The ability to avoid jail while awaiting trial should not depend on how much money you have to bail out. A bad guy with enough bread is out on the streets, possibly committing more crime. Meanwhile, some poor innocent can have his/her life ruined in the clink, simply for lack of cash.

That begs the question: How many arrestees without sufficient cash have crimes committed on their behalf to pony up bail? Under the no-bail system, the incentive to commit those crimes goes away.

I haven’t heard this as another sensible reason to eliminate bail, but it should be factored into the ongoing discussion of the new no-bail reform.

Walt Zlotow, Glen Ellyn

Expand free schooling beyond K-12

Why does free public education end with high school?

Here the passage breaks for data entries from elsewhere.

lemma surv_mass_add_le:
  assumes "\<And>y. y < n \<Longrightarrow> surv_mass n E y v t \<le> c" "u < n"
  shows "surv_mass n E u v (s + t) \<le> c * surv_mass n E u v s"
  using assms(2)
proof (induction s arbitrary: u)
  case 0
  then show ?case
    using assms(1) by (simp add: surv_mass_0)
next
  case (Suc s)
  have "(\<Sum>y<n. trans n E u y * surv_mass n E y v (s + t)) \<le> (\<Sum>y<n. trans n E u y * (c * surv_mass n E y v s))"
    using Suc.IH by (intro sum_mono mult_left_mono trans_nonneg) auto
  then show ?case
    using Suc.prems by (simp add: surv_mass_first_step sum_distrib_left algebra_simps)
qed

end

locale rw_hitting = rw_graph +
  fixes v :: nat
  assumes target: "v < n"
    and reachable: "\<And>u. u < n \<Longrightarrow> \<exists>m. has_walk E m u v"
begin

lemma uniform_escape: "\<exists>K>0. \<forall>u<n. surv_mass n E u v K < 1"
proof -
  define m where "m u = (SOME m. has_walk E m u v)" for u
  define K where "K = Suc (Max (m ` {..<n}))"
  have "surv_mass n E u v K < 1" if u: "u < n" for u
  proof -
    have "has_walk E (m u) u v"
      unfolding m_def using reachable[OF u] by (rule someI_ex)
    moreover have "m u \<le> K"
      unfolding K_def using u by (intro le_SucI Max_ge) auto
    ultimately show ?thesis
      using decseqD[OF decseq_surv_mass[OF u]] surv_mass_less_1_if_walk[OF _ u] by (meson le_less_trans)
  qed
  then show ?thesis
    unfolding K_def by blast
qed

lemma surv_mass_geometric: "\<exists>K>0. \<exists>q<1. \<forall>u<n. \<forall>j. surv_mass n E u v (j * K) \<le> q ^ j"
proof -
  obtain K where K: "0 < K" "\<And>u. u < n \<Longrightarrow> surv_mass n E u v K < 1"
    using uniform_escape by blast
  define q where "q = Max ((\<lambda>u. surv_mass n E u v K) ` {..<n})"
  have q_ge: "surv_mass n E u v K \<le> q" if "u < n" for u
    unfolding q_def using that by (intro Max_ge) auto
  have "q < 1"
    unfolding q_def using target K(2) by (subst Max_less_iff) auto
  have "0 \<le> q"
    using q_ge[OF target] surv_mass_nonneg[of n E v v K] by linarith
  have "surv_mass n E u v (j * K) \<le> q ^ j" if "u < n" for u j
    using that
  proof (induction j arbitrary: u)
    case 0
    then show ?case
      by (simp add: surv_mass_le_1)
  next
    case (Suc j)
    have "surv_mass n E u v (K + j * K) \<le> q ^ j * surv_mass n E u v K"
      by (rule surv_mass_add_le[OF Suc.IH Suc.prems])
    also have "\<dots> \<le> q ^ j * q"
      using q_ge[OF Suc.prems] \<open>0 \<le> q\<close> by (intro mult_left_mono) auto
    finally show ?case
      by (simp add: add.commute mult.commute)
  qed
  then show ?thesis
    using K(1) \<open>q < 1\<close> by blast
qed

lemma summable_surv_mass: "u < n \<Longrightarrow> summable (surv_mass n E u v)"
  using surv_mass_geometric
  by (metis summable_if_geometric_on_multiples surv_mass_nonneg decseq_surv_mass)

lemma hit_time_first_step:
  assumes u: "u < n"
  shows "hit_time n E u v = (if u = v then 0 else 1 + (\<Sum>y<n. trans n E u y * hit_time n E y v))"
proof (cases "u = v")
  case True
  then have "surv_mass n E u v = (\<lambda>_. 0)"
    by auto
  then show ?thesis
    using True by (simp add: hit_time_eq_suminf)
next
  case False
  have "hit_time n E u v = surv_mass n E u v 0 + (\<Sum>t. surv_mass n E u v (Suc t))"
    unfolding hit_time_eq_suminf using suminf_split_head[OF summable_surv_mass[OF u]] by simp
  also have "(\<Sum>t. surv_mass n E u v (Suc t)) = (\<Sum>t. \<Sum>y<n. trans n E u y * surv_mass n E y v t)"
    using False by (simp add: surv_mass_first_step[OF u])
  also have "\<dots> = (\<Sum>y<n. \<Sum>t. trans n E u y * surv_mass n E y v t)"
    by (rule suminf_sum) (auto intro!: summable_mult summable_surv_mass)
  also have "\<dots> = (\<Sum>y<n. trans n E u y * hit_time n E y v)"
    unfolding hit_time_eq_suminf by (intro sum.cong refl suminf_mult summable_surv_mass) auto
  finally show ?thesis
    using False u by (simp add: surv_mass_0)
qed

Public education should be an opportunity for anyone to make their life better, at all stations in life. It’s sad to see the tremendous waste of life and our only solution being more police.

Let’s chop in half the federal space program and use that money to open the doors to a brighter future.

Paul Orich, Lansing 

Trump’s tax returns show he’s been lying about his wealth

Gee, who knew Donald Trump was not only a lousy businessman but a totally dishonest one besides? I mean, didn’t he always come across as an honest individual who was only guilty of being a little too soft-spoken for a true politician?

Who would’ve ever suspected the man never made an honest buck in his life, or recorded any measurable profits either. But with the release of his tax returns by the U.S. House of Representatives Committee on Ways and Means, it’s now obvious that he has been lying about his supposed wealth for years, if not decades.

And it doesn’t take a Nostradamus to predict the downfall of the disgraced ex-president now that the proverbial cat is out of the bag. The only question remaining is how many more rounds of golf can he complete before his prized clubs are repossessed to pay off a lingering debt.